Elle expose que ces sommes correspondent aux locations et aux prestations de service, qui n'ont pas été contestées avant les mises en demeure, et qui ont d'ailleurs fait l'objet d'un paiement partiel.
A titre subsidiaire, elle fait valoir qu'elle produit une reconnaissance partielle de dette à hauteur de 47 045,10 euros émanant du conseil de la société AMS et sollicite sa condamnation pour ce montant.
La société AMS lui objecte que l'entretien des machines n'était plus assuré et que le paiement des factures n'a donc pas à intervenir.
Elle fait également valoir que la restitution est demandée pour des machines qui sont déjà en possession de la société Fiorentini France.
Elle ajoute qu' il n'y a pas de reconnaissance de dette, que la pièce versée met au contraire en exergue l'absence de bons de commande et de livraison pour certaines prestations ou interventions ainsi que l'absence de factures.
Il ressort des pièces versées aux débats (n° 1 à 10 produites par l'appelante) que la société AMS a souscrit avec la société Fiorentini France des contrats de location de machines autolaveuses comprenant un service après-vente.
Il existe effectivement des prestations pour lesquelles aucune facture, aucun bon de commande ou de livraison ne sont produits, élément pointé par la société AMS dans le décompte des sommes dues qui lui a été adressé par le conseil de la société Fiorentini France (pièce n° 17 de l'intimée).
Faute de justifier du montant intégral de sa créance au regard des annotations qui figurent sur le décompte et qui rendent certaines prestations litigieuses, la société Fiorentini France ne peut prétendre obtenir le règlement de la somme totale sollicitée.
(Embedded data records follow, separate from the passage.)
lemma cylinder_bound_Query_inside:
  assumes F: "prefix_revealing k F" and v: "v \<in> cylinder k p"
    and IH: "\<And>a q. length q \<le> k \<Longrightarrow> cylinder_bound k F (h a) q"
  shows "cylinder_bound k F (Query v h) p"
proof -
  have lv: "length v = k" and p: "p = take (length p) v"
    using v by (auto simp: cylinder_def cube_def)
  have "length p \<le> k"
    using v by (auto simp: cylinder_def cube_def dest: arg_cong[where f = length])
  have "cylinder_bound k F (Query v h) (take n v)" if "n \<le> k" for n
    using that
  proof (induction rule: inc_induct)
    case base
    show ?case
      using successes_le_card[OF finite_cylinder, of F "Query v h" k v]
      by (simp add: cylinder_bound_def lv)
  next
    case (step n)
    let ?q = "take n v @ [\<not> v ! n]"
    have snoc: "take (Suc n) v = take n v @ [v ! n]"
      using step.hyps lv by (simp add: take_Suc_conv_app_nth)
    have notin: "v \<notin> cylinder k ?q"
      using snoc lv step.hyps by (auto simp: cylinder_def)
    have IHq: "cylinder_bound k F (h a) ?q" for a
      using IH step.hyps by simp
    have eq: "k - length (take n v) = k - length ?q + 1"
      using step.hyps lv by simp
    have B: "(k - length (take n v)) * successes F (Query v h) (cylinder k ?q) + 2 * card (cylinder k ?q)
        \<le> card (cylinder k ?q) + 2 * total_queries F (Query v h) (cylinder k ?q)"
      unfolding eq by (rule cylinder_bound_Query_outside[OF F notin IHq])
    show ?case
    proof (rule cylinder_bound_snoc[OF _ _ B])
      show "length (take n v) < k"
        using step.hyps lv by simp
      show "cylinder_bound k F (Query v h) (take n v @ [v ! n])"
        using step.IH unfolding snoc .
    qed
  qed
  with p \<open>length p \<le> k\<close> show ?thesis by metis
qed

lemma prefix_revealing_cylinder_bound:
  assumes F: "prefix_revealing k F" and p: "length p \<le> k"
  shows "cylinder_bound k F t p"
  using p
proof (induction t arbitrary: p)
  case (Leaf x)
  have "(k - length p + 1) * successes F (Leaf x) (cylinder k p) \<le> k - length p + 1"
    using successes_Leaf_le_1[of F x "cylinder k p"] by (metis mult_le_mono2 mult_1_right)
  also have "\<dots> \<le> card (cylinder k p)"
    using Leaf card_cylinder less_exp by (simp add: Suc_leI)
  finally show ?case by (simp add: cylinder_bound_def)
next
  case (Query v h)
  show ?case
  proof (cases "v \<in> cylinder k p")
    case True
    with F Query show ?thesis by (intro cylinder_bound_Query_inside) auto
  next
    case False
    with F Query show ?thesis
      using cylinder_bound_Query_outside[OF F False, of h] by (simp add: cylinder_bound_def)
  qed
qed

lemma successes_cube_bound:
  "prefix_revealing k F \<Longrightarrow> (k + 1) * successes F t (cube k) \<le> 2 ^ k + 2 * total_queries F t (cube k)"
  using prefix_revealing_cylinder_bound[of k F "[]" t] by (simp add: cylinder_bound_def cylinder_Nil card_cube)

lemma expected_successes_bound:
  assumes "prefix_revealing k F"
  shows "of_nat (k + 1) * (\<Sum>s\<in>cube k. emeasure (measure_pmf T) {t. alg_output (F s) t = s})
           \<le> of_nat (2 ^ k) + 2 * (\<Sum>s\<in>cube k. expected_queries T (F s))"
proof -
  have succ: "(\<Sum>s\<in>cube k. indicator {t. alg_output (F s) t = s} t) = (of_nat (successes F t (cube k)) :: ennreal)"
    for t by (simp add: successes_def indicator_def finite_cube Int_def)
  have total: "(\<Sum>s\<in>cube k. ennreal (real (num_queries (F s) t))) = of_nat (total_queries F t (cube k))"
    for t by (simp add: total_queries_def ennreal_of_nat_eq_real_of_nat)
  have "of_nat (k + 1) * (\<Sum>s\<in>cube k. emeasure (measure_pmf T) {t. alg_output (F s) t = s})
      = (\<integral>\<^sup>+t. of_nat ((k + 1) * successes F t (cube k)) \<partial>measure_pmf T)"
    by (simp only: of_nat_mult flip: succ) (simp add: nn_integral_cmult nn_integral_sum finite_cube)
  also have "\<dots> \<le> (\<integral>\<^sup>+t. of_nat (2 ^ k + 2 * total_queries F t (cube k)) \<partial>measure_pmf T)"
    by (intro nn_integral_mono of_nat_mono successes_cube_bound assms)
  also have "\<dots> = of_nat (2 ^ k) + 2 * (\<Sum>s\<in>cube k. expected_queries T (F s))"
    by (simp only: of_nat_add of_nat_mult flip: total)
      (simp add: nn_integral_add nn_integral_cmult nn_integral_sum expected_queries_def
        measure_pmf.emeasure_space_1 del: sum_ennreal)
  finally show ?thesis .
qed

lemma solves_hard_instance:
  assumes "solves k T" "s \<in> cube k"
  shows "ennreal (9/10) \<le> emeasure (measure_pmf T) {t. alg_output (hard_instance k s) t = s}"
proof -
  let ?out = "\<lambda>t. alg_output (hard_instance k s) t"
  have "9/10 \<le> measure_pmf.prob T {t. ?out t \<in> cube k \<and> hard_instance k s (?out t) = ?out t}"
    using assms tarski_input_hard_instance unfolding solves_def by blast
  then show ?thesis
    unfolding fixed_point_hard_instance[OF assms(2)]
    by (simp add: measure_pmf.emeasure_eq_measure)
qed

lemma solves_expected_queries_bound:
  assumes "solves k T"
  shows "of_nat (k + 1) * ennreal (9/10) \<le> 1 + 2 * (SUP f\<in>{f. tarski_input k f}. expected_queries T f)"
    (is "_ \<le> 1 + 2 * ?M")
proof -
  let ?N = "of_nat (2 ^ k) :: ennreal"
  have "?N * (of_nat (k + 1) * ennreal (9/10)) = of_nat (k + 1) * (\<Sum>s\<in>cube k. ennreal (9/10))"
    by (simp add: card_cube mult_ac)
  also have "\<dots> \<le> of_nat (k + 1) * (\<Sum>s\<in>cube k. emeasure (measure_pmf T) {t. alg_output (hard_instance k s) t = s})"
    by (intro mult_left_mono sum_mono solves_hard_instance assms) auto
  also have "\<dots> \<le> ?N + 2 * (\<Sum>s\<in>cube k. expected_queries T (hard_instance k s))"
    by (rule expected_successes_bound[OF prefix_revealing_hard_instance])
  also have "\<dots> \<le> ?N + 2 * (\<Sum>s\<in>cube k. ?M)"
    by (intro add_left_mono mult_left_mono sum_mono SUP_upper) (auto simp: tarski_input_hard_instance)
  also have "\<dots> = ?N * (1 + 2 * ?M)"
    by (simp add: card_cube distrib_left mult_ac)
  finally have "?N * (of_nat (k + 1) * ennreal (9/10)) \<le> ?N * (1 + 2 * ?M)" .
  moreover have "?N \<noteq> 0" "?N \<noteq> \<top>"
    by (simp, rule ennreal_of_nat_neq_top)
  ultimately show ?thesis
    by (metis ennreal_mult_le_mult_iff)
qed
En revanche, c'est à bon droit qu'à titre subsidiaire, elle invoque la reconnaissance partielle de la dette par le conseil de la société AMS.
Il ressort en effet du courrier officiel adressé le 5 février 2019 par le conseil de la société AMS à celui de la société Fiorentini France (pièce n° 17) que celui-ci reconnaît expressément, déduction opérée par les soins de sa cliente des sommes qu'elle estime indues et des versements opérés, devoir la somme de 47 045,10 euros en précisant sur le décompte annoté qu'elle se reconnaît redevable de la somme de 12 088, 10 euros au titre des loyers et de celle de 34 957,00 euros au titre de frais divers.
La société AMS sera condamnée à payer à la société Fiorentini France, prise en la personne de son mandataire ad'hoc, la société ING.O.Fiorentini SpA, la somme de 47 045,10 euros qui produira intérêts au taux légal à compter de la mise en demeure dont il a été accusé réception le 8 mars 2019.
L'article 700 du code de procédure civile :
En équité, il sera alloué à la société Fiorentini France, prise en la personne de son mandataire ad'hoc, la société ING.O.Fiorentini SpA, la somme de 3 000 euros.
Succombant en ses prétentions, la société AMS ne peut prétendre à une indemnité à ce titre.
Les dépens :
La société AMS sera condamnée aux dépens de première instance et d'appel.
PAR CES MOTIFS':
Statuant publiquement et par arrêt contradictoire ;
Infirme le jugement rendu le 16 novembre 2021 par le tribunal de commerce de Reims.
Statuant à nouveau ;
Dit que la société Fiorentini France prise en la personne de son mandataire ad'hoc, la société ING.O.Fiorentini SpA, a capacité d'ester en justice.
Condamne la société Action Multi Services (AMS) à payer à la société Fiorentini France, prise en la personne de son mandataire ad'hoc, la société ING.O.Fiorentini SpA, la somme de 47 045,10 euros avec intérêts au taux légal à compter du 8 mars 2019.
Condamne la société Action Multi Services (AMS) à payer à la société Fiorentini France, prise en la personne de son mandataire ad'hoc, la société ING.O.Fiorentini SpA, la somme de 3 000 euros sur le fondement de l'article 700 du code de procédure civile.
Déboute la société Action Multi Services (AMS) de sa demande à ce titre.
Condamne la société Action Multi Services (AMS) aux dépens de première instance et d'appel.